Further, the specific content of step S43 is:
s431: the text embedded features in the selection step S42 are respectively input into two semantic enhancement modules, wherein the data input by any semantic enhancement module is made to be
Figure SMS_17
The semantic enhancement module enhances the semantic expression process as follows:
Figure SMS_18
in the method, in the process of the invention,
Figure SMS_19
representing a convolution in the length direction of the text character sequence; />
Figure SMS_20
Representing an average pooling operation; />
Figure SMS_21
Representation ofReluActivating a function; />
Figure SMS_22
Representing a convolution pooling feature; />
Figure SMS_23
An activation expression representing a convolution feature;
s432: a corresponding semantic enhancement module obtains text semantic features after processing
Figure SMS_24
The calculation formula is as follows:
Figure SMS_25
in the method, in the process of the invention,
Figure SMS_26
expressed as an activation functionSigmod
Further, in step S44, the text semantic features in step S43 and the position coding features in step S32 are encoded and decoded, and the specific content of the recognition result of the output semantic enhancement module is:
s441: two corresponding text semantic features obtained after processing the two semantic enhancement modules
Figure SMS_27
Key of multi-head attention module as self-mask respectively +.>
Figure SMS_28
Sum->
Figure SMS_29
Simultaneously combining the position coding features output by the position embedding layer in the step S3
Figure SMS_30
Then input to the self-masking multi-head attention module for processing, and output to obtain semantic enhancement feature +.>
Figure SMS_31
The processing calculation formula is as follows:
Figure SMS_32
in the method, in the process of the invention,
Figure SMS_33
for a self-masking attention matrix, the elements on the diagonal of the matrix are minus infinity, while the elements on the off-diagonal are 0;
s442: semantic-based enhancement features
Figure SMS_34
Performing linear transformation andsoftmaxand activating function processing, and outputting a recognition result of the semantic enhancement module.

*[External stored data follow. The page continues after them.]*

(* Let $\mathfrak q$ be any finite-dimensional Lie algebra over an algebraically closed field $\Bbbk$ of characteristic $0$. Then $\{\mathcal Z(\widehat{\mathfrak q},[0]),\mathcal Z(\widehat{\mathfrak q},[0])\}=0$.
   Context: $\mathfrak q[t,t^{-1}]=\mathfrak q\otimes\Bbbk[t,t^{-1}]$ is the loop algebra. Regard $S(\mathfrak q[t])$ as the quotient of $S(\mathfrak q[t,t^{-1}])$ by the ideal generated by $t^{-1}\mathfrak q[t^{-1}]$; equivalently identify $\mathfrak q[t]$ with $\mathfrak q[t,t^{-1}]/t^{-1}\mathfrak q[t^{-1}]$, giving an action of $\mathfrak q[t^{-1}]$ on $S(\mathfrak q[t])$. Then $\mathcal Z(\widehat{\mathfrak q},[0])=S(\mathfrak q[t])^{\mathfrak q[t^{-1}]}$ is the subalgebra of invariants, i.e. the $Y\in S(\mathfrak q[t])$ with $\{x,Y\}\in t^{-1}\mathfrak q[t^{-1}]\,S(\mathfrak q[t,t^{-1}])$ for all $x\in\mathfrak q[t^{-1}]$. $\{\,,\}$ denotes the Lie–Poisson bracket ($\{x,y\}=[x,y]$ on Lie algebra elements). *)

theory Defs
  imports "HOL-Library.Poly_Mapping" "HOL-Computational_Algebra.Polynomial"
begin

definition alg_closed_field :: "'k::field itself \<Rightarrow> bool" where
  "alg_closed_field _ \<longleftrightarrow> (\<forall>p::'k poly. degree p > 0 \<longrightarrow> (\<exists>x. poly p x = 0))"

(* A Lie algebra q of dimension n with basis x_0,...,x_{n-1}, given by structure
   constants: [x_i, x_j] = sum_{k<n} c i j k * x_k. *)
definition lie_struct :: "nat \<Rightarrow> (nat \<Rightarrow> nat \<Rightarrow> nat \<Rightarrow> 'k::field) \<Rightarrow> bool" where
  "lie_struct n c \<longleftrightarrow>
     (\<forall>i<n. \<forall>j<n. \<forall>k<n. c i j k = - c j i k) \<and>
     (\<forall>i<n. \<forall>j<n. \<forall>k<n. \<forall>m<n.
        (\<Sum>l<n. c i j l * c l k m + c j k l * c l i m + c k i l * c l j m) = 0)"

(* Polynomials in commuting variables indexed by (i, a) standing for x_i t^a:
   the polynomial ring S(V) on the vector space V with basis the variables. *)
type_synonym 'k lpoly = "((nat \<times> int) \<Rightarrow>\<^sub>0 nat) \<Rightarrow>\<^sub>0 'k"

definition Var :: "nat \<times> int \<Rightarrow> 'k::comm_ring_1 lpoly" where
  "Var v = Poly_Mapping.single (Poly_Mapping.single v 1) 1"

definition Const :: "'k::comm_ring_1 \<Rightarrow> 'k lpoly" where
  "Const a = Poly_Mapping.single 0 a"

definition vars :: "'k::comm_ring_1 lpoly \<Rightarrow> (nat \<times> int) set" where
  "vars p = (\<Union>m\<in>Poly_Mapping.keys p. Poly_Mapping.keys m)"

definition pdiff :: "nat \<times> int \<Rightarrow> 'k::comm_ring_1 lpoly \<Rightarrow> 'k lpoly" where
  "pdiff v p = (\<Sum>m\<in>Poly_Mapping.keys p.
      Poly_Mapping.single (m - Poly_Mapping.single v 1)
        (of_nat (Poly_Mapping.lookup m v) * Poly_Mapping.lookup p m))"

definition loop_br :: "nat \<Rightarrow> (nat \<Rightarrow> nat \<Rightarrow> nat \<Rightarrow> 'k::field) \<Rightarrow> nat \<times> int \<Rightarrow> nat \<times> int \<Rightarrow> 'k lpoly" where
  "loop_br n c u w = (\<Sum>k<n. Const (c (fst u) (fst w) k) * Var (k, snd u + snd w))"

definition pbr :: "nat \<Rightarrow> (nat \<Rightarrow> nat \<Rightarrow> nat \<Rightarrow> 'k::field) \<Rightarrow> 'k lpoly \<Rightarrow> 'k lpoly \<Rightarrow> 'k lpoly" where
  "pbr n c f g = (\<Sum>u\<in>vars f. \<Sum>w\<in>vars g. pdiff u f * pdiff w g * loop_br n c u w)"

definition S_loop :: "nat \<Rightarrow> 'k::field lpoly set" where
  "S_loop n = {p. vars p \<subseteq> {..<n} \<times> UNIV}"

definition S_pos :: "nat \<Rightarrow> 'k::field lpoly set" where
  "S_pos n = {p. vars p \<subseteq> {..<n} \<times> {0..}}"

definition lin :: "((nat \<times> int) \<Rightarrow>\<^sub>0 'k::field) \<Rightarrow> 'k lpoly" where
  "lin a = (\<Sum>v\<in>Poly_Mapping.keys a. Const (Poly_Mapping.lookup a v) * Var v)"

definition q_neg :: "nat \<Rightarrow> 'k::field lpoly set" where
  "q_neg n = {lin a | a. Poly_Mapping.keys a \<subseteq> {..<n} \<times> {..0}}"

definition ideal_gen :: "nat \<Rightarrow> 'k::field lpoly set \<Rightarrow> 'k lpoly set" where
  "ideal_gen n G = {\<Sum>g\<in>F. h g * g | F h. finite F \<and> F \<subseteq> G \<and> (\<forall>g\<in>F. h g \<in> S_loop n)}"

definition q_negneg :: "nat \<Rightarrow> 'k::field lpoly set" where
  "q_negneg n = {lin a | a. Poly_Mapping.keys a \<subseteq> {..<n} \<times> {..<0}}"

(* Z(hat q, [0]) = S(q[t])^{q[t^-1]} *)
definition Zcrit :: "nat \<Rightarrow> (nat \<Rightarrow> nat \<Rightarrow> nat \<Rightarrow> 'k::field) \<Rightarrow> 'k lpoly set" where
  "Zcrit n c = {Y \<in> S_pos n. \<forall>x\<in>q_neg n. pbr n c x Y \<in> ideal_gen n (q_negneg n)}"

end

theory Submission
  imports Defs
begin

Further, in step S45, the extraction of the fused text feature
Figure SMS_35
The specific contents of (3) are as follows:
Figure SMS_36
in the method, in the process of the invention,
Figure SMS_37
is a super ginseng for training, and is a->
Figure SMS_38
Is->
Figure SMS_39
And->
Figure SMS_40
Is spliced by (a)>
Figure SMS_41
Further, in step S46, the specific contents are as follows:
s461: constructing undirected full-join graphs between different characters belonging to the same text
Figure SMS_42
Wherein->
Figure SMS_43
Nodes representing undirected full-connectivity graph, +.>
Figure SMS_44
Representing the edges of the undirected fully connected graph and treating the different characters in the text as nodes in the graph, i.e. node +.>
Figure SMS_45
Is taken from the value +.>
Figure SMS_46
While the relatedness between nodes is considered an edge; constructing a relation diagram of undirected full connection diagram>
Figure SMS_47
Expressed mathematically as:
Figure SMS_48
in the method, in the process of the invention,
Figure SMS_50
indicate->
Figure SMS_53
A plurality of nodes; />
Figure SMS_54
Indicate->
Figure SMS_51
A plurality of nodes; />
Figure SMS_52
,/>
Figure SMS_55
,/>
Figure SMS_56
And->
Figure SMS_49
Is a parameter for training;
s462: establishing residual links, performing graph reasoning by using a graph convolution network method, wherein the calculation process is as follows:
Figure SMS_57
in the method, in the process of the invention,
Figure SMS_59
representing character characteristic expression after graph reasoning; />
Figure SMS_63
And->
Figure SMS_65
The residual weight matrix and the picture convolution weight matrix are respectively used for training; />
Figure SMS_60
I.e. representing->
Figure SMS_61
Which belongs to a membership matrix; since the graph winding network is multi-layered, in the first layer +.>
Figure SMS_64
The value is equivalent to the fused text feature +.>
Figure SMS_66
In the subsequent layers +.>
Figure SMS_58
Is equivalent to the value of +.>
Figure SMS_62
A value;
s463: linear transformation of character features after graph reasoningsoftmaxAnd activating function processing, and outputting text recognition based on graph reasoning.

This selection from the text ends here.